WORK INSTRUCTION: Start with the line containing "K2 * K1 + 1)) *" and write out each line through the end of the listing, exactly as given.

EXCERPTED RECORDS:
theorem proposition3p2:
  fixes k :: "'n::finite" and \<alpha> \<beta>1 \<beta>2 \<beta>3 \<beta>4 :: real
    and B :: "real ^ 'n \<Rightarrow> real ^ 'n \<Rightarrow> real"
  assumes alpha: "0 < \<alpha>" "\<alpha> < 2" "\<alpha> \<noteq> 1"
    and betas: "\<beta>1 \<ge> 0" "\<beta>2 \<ge> 0" "\<beta>3 \<ge> 0" "\<beta>4 \<ge> 0"
    and b13: "\<beta>3 > 0 \<Longrightarrow> \<beta>1 > 0" and b24: "\<beta>4 > 0 \<Longrightarrow> \<beta>2 > 0"
    and Bnonneg: "\<And>x y. x \<in> halfspace k \<Longrightarrow> y \<in> halfspace k \<Longrightarrow> B x y \<ge> 0"
    and A1: "\<And>x y. x \<in> halfspace k \<Longrightarrow> y \<in> halfspace k \<Longrightarrow> B x y = B y x"
    and A2: "\<alpha> \<ge> 1 \<Longrightarrow> \<exists>\<theta> C. \<theta> > \<alpha> - 1 \<and> C > 0 \<and>
               (\<forall>x\<in>halfspace k. \<forall>y\<in>halfspace k.
                  \<bar>B x x - B x y\<bar> \<le> C * (dist x y / min (x $ k) (y $ k)) powr \<theta>)"
    and A3: "\<exists>C\<ge>1. \<forall>x\<in>halfspace k. \<forall>y\<in>halfspace k. x \<noteq> y \<longrightarrow>
               Btilde k \<beta>1 \<beta>2 \<beta>3 \<beta>4 x y / C \<le> B x y \<and> B x y \<le> C * Btilde k \<beta>1 \<beta>2 \<beta>3 \<beta>4 x y"
    and A4_scale: "\<And>a x y. a > 0 \<Longrightarrow> x \<in> halfspace k \<Longrightarrow> y \<in> halfspace k \<Longrightarrow>
               B (a *\<^sub>R x) (a *\<^sub>R y) = B x y"
    and A4_transl: "\<And>z x y. z $ k = 0 \<Longrightarrow> x \<in> halfspace k \<Longrightarrow> y \<in> halfspace k \<Longrightarrow>
               B (x + z) (y + z) = B x y"
    and Bdiag: "\<And>x. x \<in> halfspace k \<Longrightarrow> B x x = 1"
  shows "\<exists>C>0. \<forall>u\<in>Fdom k \<alpha> B.
           Eform k \<alpha> B u \<ge> ennreal C *
             (\<integral>\<^sup>+ x. ennreal ((u x)^2 / (x $ k) powr \<alpha>) * indicator (halfspace k) x \<partial>lborel)"
proof -
  define L where "L = 6 * real CARD('n)"
  have "1 \<le> real CARD('n)" by (simp add: Suc_le_eq)
  then have L: "1 \<le> L" unfolding L_def by linarith
  have "\<exists>K\<ge>0. \<forall>v. v \<in> borel_measurable borel \<longrightarrow> near_energy k \<alpha> L v \<le> ennreal K * Eform k \<alpha> B v"
    using A3 by (intro near_energy_le_Eform_of_Btilde[OF betas L]) blast
  then obtain K1 where K1: "0 \<le> K1"
    and energy: "\<And>v. v \<in> borel_measurable borel \<Longrightarrow> near_energy k \<alpha> L v \<le> ennreal K1 * Eform k \<alpha> B v"
    by blast
  obtain K2 where K2: "0 \<le> K2"
    and test: "\<And>\<phi>. \<phi> \<in> Cc_inf_half k \<Longrightarrow> hardy_integral k \<alpha> \<phi> \<le> ennreal K2 * near_energy k \<alpha> L \<phi>"
    using hardy_integral_le_near_energy_Cc_inf_half[of \<alpha> k] alpha by (auto simp: L_def)
  have K: "0 \<le> 4 * K2 * K1" using K1 K2 by simp
  show ?thesis
  proof (intro exI[of _ "1 / (4 * K2 * K1 + 1)"] conjI ballI)
    show "0 < 1 / (4 * K2 * K1 + 1)" using K by (simp add: add_nonneg_pos)
    fix u assume u: "u \<in> Fdom k \<alpha> B"
    have "hardy_integral k \<alpha> u \<le> ennreal (4 * K2 * K1) * Eform k \<alpha> B u"
      using alpha(1) by (intro hardy_integral_le_Eform_Fdom[OF _ K1 K2 test energy u]) simp
    then show "ennreal (1 / (4 * K2 * K1 + 1)) *
        (\<integral>\<^sup>+ x. ennreal ((u x)^2 / (x $ k) powr \<alpha>) * indicator (halfspace k) x \<partial>lborel) \<le> Eform k \<alpha> B u"
      using ennreal_inverse_add_one_mult_le[OF K] by (simp add: hardy_integral_def)
  qed
qed

end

EXERCISE RESULT:
    then show "ennreal (1 / (4 * K2 * K1 + 1)) *
        (\<integral>\<^sup>+ x. ennreal ((u x)^2 / (x $ k) powr \<alpha>) * indicator (halfspace k) x \<partial>lborel) \<le> Eform k \<alpha> B u"
      using ennreal_inverse_add_one_mult_le[OF K] by (simp add: hardy_integral_def)
  qed
qed

end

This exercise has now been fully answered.